UAW recognizes that CAPS is a nonprofit mutual benefit corporation organized under the Nonprofit Mutual Benefit Corporation Law and it is subject to applicable existing and future laws by reason of such status. Nothing in the Affiliation Agreement is intended to change or otherwise impact on such status.

How will we ensure our budget is going to cover our current operating costs, as well as the requirements of the affiliation agreement?

CAPS leadership has done extensive budget analyses and worked specifically with UAW when developing our affiliation agreement to ensure that we can meet our budgetary needs and obligations. UAW has been incredibly flexible and sensitive to our budgetary concerns and are willing to work with us to ensure CAPS is able to fulfill all of our financial responsibilities as a Local Union.

What are some examples of UAW wins for Scientists? 

In 2022, Postdocs, Academic Researchers, Academic Student Employees at the University of California won a record contract (UAW Local 5810 and Local 2865)

UC Postdocs will become the highest-paid Postdocs at a US university, with up to 57% salary increases, fully paid family leave for 8 weeks, $2,800/ year for childcare subsidies, among other benefits, and UC Academic Researchers won up to 34% salary increases.

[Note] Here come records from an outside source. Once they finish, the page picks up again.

lemma card_portal_reps_le:
  assumes "P \<in> split_portals V" "finite V"
  shows "card (portal_reps V P) \<le> 2 + card (P \<inter> v_ESE V ` holes V) + card (P \<inter> v_WNW V ` holes V)"
proof -
  obtain a where "finite P" and column: "\<And>p. p \<in> P \<Longrightarrow> p = (a, snd p)"
    using split_portal_column[OF assms] by metis
  define b where "b = (a, Min (snd ` P))"
  let ?vE = "v_ESE V ` holes V" and ?vW = "v_WNW V ` holes V"
  have "portal_reps V P \<subseteq> {(b, if b \<in> ?vE then CWS else CW), (b, if b \<in> ?vW then CES else CE)}
    \<union> (\<lambda>q. (q, CWN)) ` (P \<inter> ?vE) \<union> (\<lambda>q. (q, CEN)) ` (P \<inter> ?vW)"
    (is "_ \<subseteq> ?B \<union> ?W \<union> ?E")
  proof
    fix x assume "x \<in> portal_reps V P"
    then obtain p c where x: "x = (p, c)" "p \<in> P" "(p, c) \<in> split_nodes V"
      "snd p = Min (snd ` P) \<or> c \<in> {CWN, CEN}"
      by (auto simp: portal_reps_def)
    have "p \<in> \<Union>(split_portals V)" using x(2) assms(1) by blast
    then consider "c = (if p \<in> ?vE then CWS else CW)" | "c = (if p \<in> ?vW then CES else CE)"
      | "c = CWN \<and> p \<in> ?vE" | "c = CEN \<and> p \<in> ?vW"
      using split_node_on_portal_cases[OF x(3)] by blast
    then show "x \<in> ?B \<union> ?W \<union> ?E"
    proof cases
      case 1
      then have "p = b" using x(4) column[OF x(2)] by (auto simp: b_def split: if_splits)
      then show ?thesis using 1 x(1) by simp
    next
      case 2
      then have "p = b" using x(4) column[OF x(2)] by (auto simp: b_def split: if_splits)
      then show ?thesis using 2 x(1) by simp
    qed (use x in auto)
  qed
  then have "card (portal_reps V P) \<le> card (?B \<union> ?W \<union> ?E)"
    using \<open>finite P\<close> by (intro card_mono) auto
  also have "\<dots> \<le> card ?B + card ?W + card ?E"
    using card_Un_le[of "?B \<union> ?W" ?E] card_Un_le[of ?B ?W] by linarith
  also have "\<dots> \<le> 2 + card (P \<inter> ?vE) + card (P \<inter> ?vW)"
    using card_image_le[of "P \<inter> ?vE" "\<lambda>q. (q, CWN)"] card_image_le[of "P \<inter> ?vW" "\<lambda>q. (q, CEN)"]
      \<open>finite P\<close> by (simp add: card_insert_if)
  finally show ?thesis .
qed

lemma portal_reps_reach:
  assumes P: "P \<in> split_portals V" and "finite V" and "p \<in> P" and "(p, c) \<in> split_nodes V"
  shows "\<exists>r\<in>portal_reps V P. r \<in> comp split_adj (split_nodes V) (p, c)"
proof -
  obtain a where "finite P" "P \<subseteq> V" and column: "\<And>p. p \<in> P \<Longrightarrow> p = (a, snd p)"
    and interval: "\<And>p t. p \<in> P \<Longrightarrow> Min (snd ` P) \<le> t \<Longrightarrow> t \<le> snd p \<Longrightarrow> (a, t) \<in> P"
    using split_portal_column[OF P \<open>finite V\<close>] by blast
  let ?SN = "split_nodes V"
  let ?reach = "\<lambda>x. \<exists>r\<in>portal_reps V P. r \<in> comp split_adj ?SN x"
  have reach_column: "\<forall>c. (a, t) \<in> P \<longrightarrow> ((a, t), c) \<in> ?SN \<longrightarrow> ?reach ((a, t), c)" if "Min (snd ` P) \<le> t" for t
    using that
  proof (induction t rule: int_ge_induct)
    case base
    show ?case
    proof (intro allI impI)
      fix c assume "(a, Min (snd ` P)) \<in> P" and node: "((a, Min (snd ` P)), c) \<in> ?SN"
      then have "((a, Min (snd ` P)), c) \<in> portal_reps V P" by (simp add: portal_reps_def)
      then show "?reach ((a, Min (snd ` P)), c)" using comp_self[OF node] by blast
    qed
  next
    case (step t)
    show ?case
    proof (intro allI impI)
      fix c assume up: "(a, t + 1) \<in> P" and node: "((a, t + 1), c) \<in> ?SN"
      show "?reach ((a, t + 1), c)"
      proof (cases "c \<in> {CWN, CEN}")
        case True
        then have "((a, t + 1), c) \<in> portal_reps V P"
          using up node by (simp add: portal_reps_def)
        then show ?thesis using comp_self[OF node] by blast
      next
        case False
        moreover have "(a, t + 1) \<in> \<Union>(split_portals V)" using up P by blast
        ultimately have low: "c \<in> {CW, CWS, CE, CES}"
          using split_node_on_portal_cases[OF node] by (auto split: if_splits)
        have down: "(a, t) \<in> P" using interval[OF up] step.hyps by simp
        moreover have "(a, t) \<in> V" "(a, t) \<in> \<Union>(split_portals V)"
          using down \<open>P \<subseteq> V\<close> P by auto
        ultimately obtain c' where c': "((a, t), c') \<in> ?SN" "split_adj ((a, t + 1), c) ((a, t), c')"
          using split_adj_down[OF low, of a "t + 1" V] by auto
        have "((a, t), c') \<in> comp split_adj ?SN ((a, t + 1), c)"
          using comp_step[where r = split_adj, OF node c'] .
        moreover obtain r where "r \<in> portal_reps V P" "r \<in> comp split_adj ?SN ((a, t), c')"
          using step.IH down c'(1) by blast
        ultimately show ?thesis by (blast intro: comp_trans)
      qed
    qed
  qed
  have "Min (snd ` P) \<le> snd p" using \<open>finite P\<close> \<open>p \<in> P\<close> by simp
  moreover have "(a, snd p) = p" using column[OF \<open>p \<in> P\<close>] by simp
  ultimately show ?thesis using reach_column[of "snd p"] assms(3,4) by simp
qed

lemma gates_subset_portal_reps:
  assumes "finite V"
  shows "gates V \<subseteq>
    (\<Union>P\<in>split_portals V. (\<lambda>r. fst ` comp split_adj (split_nodes V) r \<inter> P) ` portal_reps V P)"
proof
  let ?SN = "split_nodes V"
  fix G assume "G \<in> gates V"
  then obtain R P where G: "G = R \<inter> P" "R \<in> regions V" "P \<in> split_portals V" "R \<inter> P \<noteq> {}"
    unfolding gates_def by blast
  obtain x where R: "R = fst ` comp split_adj ?SN x"
    using G(2) unfolding regions_def by blast
  obtain p c where "p \<in> P" and pc: "(p, c) \<in> comp split_adj ?SN x"
    using G(4) R by auto
  then have "(p, c) \<in> ?SN" using comp_subset[of split_adj ?SN x] by blast
  then obtain r where r: "r \<in> portal_reps V P" "r \<in> comp split_adj ?SN (p, c)"
    using portal_reps_reach[OF G(3) assms \<open>p \<in> P\<close>] by blast
  have "comp split_adj ?SN r = comp split_adj ?SN x"
    using comp_eq[OF symp_split_adj r(2)] comp_eq[OF symp_split_adj pc] by simp
  then show "G \<in> (\<Union>P\<in>split_portals V. (\<lambda>r. fst ` comp split_adj ?SN r \<inter> P) ` portal_reps V P)"
    using G(1,3) R r(1) by auto
qed

lemma card_gates_le_sum_portal_reps:
  assumes "finite V"
  shows "card (gates V) \<le> (\<Sum>P\<in>split_portals V. card (portal_reps V P))"
proof -
  let ?gate = "\<lambda>P r. fst ` comp split_adj (split_nodes V) r \<inter> P"
  have "card (gates V) \<le> card (\<Union>P\<in>split_portals V. ?gate P ` portal_reps V P)"
    using assms by (intro card_mono gates_subset_portal_reps)
      (auto simp: finite_split_portals finite_portal_reps)
  also have "\<dots> \<le> (\<Sum>P\<in>split_portals V. card (?gate P ` portal_reps V P))"
    using assms by (intro card_UN_le finite_split_portals)
  also have "\<dots> \<le> (\<Sum>P\<in>split_portals V. card (portal_reps V P))"
    using assms by (intro sum_mono card_image_le finite_portal_reps)
  finally show ?thesis .
qed

theorem mainTheorem6:
  fixes V :: "(int \<times> int) set"
  assumes "finite V" and "V \<noteq> {}" and "grid_connected V"
  shows "card (gates V) \<le> 6 * card (holes V)"
proof -
  let ?vE = "v_ESE V ` holes V" and ?vW = "v_WNW V ` holes V"
  have "card (gates V) \<le> (\<Sum>P\<in>split_portals V. card (portal_reps V P))"
    using assms(1) by (rule card_gates_le_sum_portal_reps)
  also have "\<dots> \<le> (\<Sum>P\<in>split_portals V. 2 + card (P \<inter> ?vE) + card (P \<inter> ?vW))"
    using assms(1) by (intro sum_mono card_portal_reps_le)
  also have "\<dots> = 2 * card (split_portals V)
      + (\<Sum>P\<in>split_portals V. card (P \<inter> ?vE)) + (\<Sum>P\<in>split_portals V. card (P \<inter> ?vW))"
    by (simp only: sum.distrib sum_constant) simp
  also have "\<dots> \<le> 2 * card (split_portals V) + card ?vE + card ?vW"
    using assms(1) by (intro add_mono sum_card_Int_split_portals_le) (auto simp: finite_holes)
  also have "\<dots> \<le> 2 * (2 * card (holes V)) + card (holes V) + card (holes V)"
    using card_split_portals_le[OF assms(1)] card_image_le[OF finite_holes[OF assms(1)], of "v_ESE V"]
      card_image_le[OF finite_holes[OF assms(1)], of "v_WNW V"] by linarith
  finally show ?thesis by simp
qed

In their 2023 contract, Postdocs and Academic Researchers at the University of Washington won big (UAW Local 4121)

UW Postdocs raised their salary floor by 37% and UW Academic Researcher raised their salary floor by 28%, plus general salary increases and other benefits.

In 2024, Academic Student Employees at Washington State University won their contract demands after just a 3 hour strike (UAW Local 4591)

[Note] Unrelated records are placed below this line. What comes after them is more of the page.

lemma F_T_eq_pm_dirac_iff:
  "(F_T T s = dirac k \<or> F_T T s = - dirac k) \<longleftrightarrow>
    \<bar>T (const_bcontfun 1) s\<bar> = 1 \<and> (\<forall>g. T g s = T (const_bcontfun 1) s * g k)"
    (is "?pm \<longleftrightarrow> ?weighted")
proof -
  have "?pm \<longleftrightarrow> (\<exists>c. (c = 1 \<or> c = -1) \<and> F_T T s = c *\<^sub>R dirac k)"
    by auto
  also have "\<dots> \<longleftrightarrow> (\<exists>c. (c = 1 \<or> c = -1) \<and> (\<forall>g. T g s = c * g k))"
    by (simp only: F_T_eq_scaleR_dirac_iff)
  also have "\<dots> \<longleftrightarrow> ?weighted"
  proof
    assume "\<exists>c. (c = 1 \<or> c = -1) \<and> (\<forall>g. T g s = c * g k)"
    then obtain c where "c = 1 \<or> c = -1" "\<And>g. T g s = c * g k"
      by blast
    moreover have "T (const_bcontfun 1) s = c"
      using calculation(2)[of "const_bcontfun 1"] by simp
    ultimately show ?weighted
      by auto
  next
    assume weighted: ?weighted
    then have "T (const_bcontfun 1) s = 1 \<or> T (const_bcontfun 1) s = -1"
      by linarith
    with weighted show "\<exists>c. (c = 1 \<or> c = -1) \<and> (\<forall>g. T g s = c * g k)"
      by blast
  qed
  finally show ?thesis .
qed

lemma U_embedding_pm_dirac_point_unique:
  fixes T :: "('k::topological_space \<Rightarrow>\<^sub>C real) \<Rightarrow>\<^sub>L ('s::t2_space \<Rightarrow>\<^sub>C real)"
  assumes cS: "compact (UNIV::'s set)" and U: "U_embedding T"
    and "F_T T s = dirac k \<or> F_T T s = - dirac k"
    and "F_T T s' = dirac k \<or> F_T T s' = - dirac k"
  shows "s = s'"
proof -
  have "\<exists>c. \<bar>c\<bar> = 1 \<and> adjoint_op T (c *\<^sub>R dirac t) = dirac k"
    if "F_T T t = dirac k \<or> F_T T t = - dirac k" for t
  proof -
    define c :: real where "c = (if F_T T t = dirac k then 1 else -1)"
    have "c * c = 1" "\<bar>c\<bar> = 1"
      by (simp_all add: c_def)
    moreover have "F_T T t = c *\<^sub>R dirac k"
      using that by (auto simp: c_def)
    ultimately have "adjoint_op T (c *\<^sub>R dirac t) = dirac k"
      by (simp add: adjoint_op_scaleR F_T_def)
    with \<open>\<bar>c\<bar> = 1\<close> show ?thesis
      by blast
  qed
  then obtain c c' where c: "\<bar>c\<bar> = 1" "adjoint_op T (c *\<^sub>R dirac s) = dirac k"
    and c': "\<bar>c'\<bar> = 1" "adjoint_op T (c' *\<^sub>R dirac s') = dirac k"
    using assms(3,4) by metis
  then have "c *\<^sub>R dirac s = c' *\<^sub>R dirac s'"
    by (intro U_embedding_unique_norm_preserving_preimage[OF U]) simp_all
  then show ?thesis
    using scaleR_dirac_eq_imp_eq[OF cS] c(1) by fastforce
qed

Academic Student Employees won up to 49% increase to base salary, six weeks of paid parental leave, lowered out-of-pocket costs for healthcare.

These UAW Local Unions that represent scientists are WINNING by striking or with the threat of a credible strike, and raising the standards for scientists across the industry.  As an affiliate of UAW, we will have their support to fight for pay equity and win the contract we deserve.

UAW is actively organizing unorganized scientists and other workers in higher education across the West Coast and United States. Check out the UAW Region 6 Newsletter for information about all of their organizing efforts, contract campaigns and wins.

What are the quorum requirements for affiliation?

The minimum vote participation required to meet quorum is a majority (over 50%) membership vote participation. Of the participating voting members, a simple majority (over 50%) have to vote “yes” for the affiliation agreement to be ratified. More information can be found at the UAW Affiliation Vote webpage.

What’s in it for UAW?

The UAW and CAPS have a shared interest in expanding the power of organized labor and the power we have, collectively, to influence positive change for all Scientists and workers throughout California. 

Why wouldn’t UAW want State Scientists to be part of their union? And why wouldn’t State Scientists want to be part of UAW? Many California State Scientists actually came from UAW locals throughout California. Most notably, UAW Local 5810 and UAW Local 2865 (now UAW 4811), represent workers at institutions of higher education employing academic researchers who conduct research that informs the work of State Scientists within the California State government.  

The UAW recognizes the value of interconnected workers, across all sectors, in the fight to preserve and promote scientific integrity, expand quality scientific programs that will ensure a sustainable and equitable future for all, and effectively fight climate change. This starts with advancing the general interests and working conditions for all working people, including California State Scientists. 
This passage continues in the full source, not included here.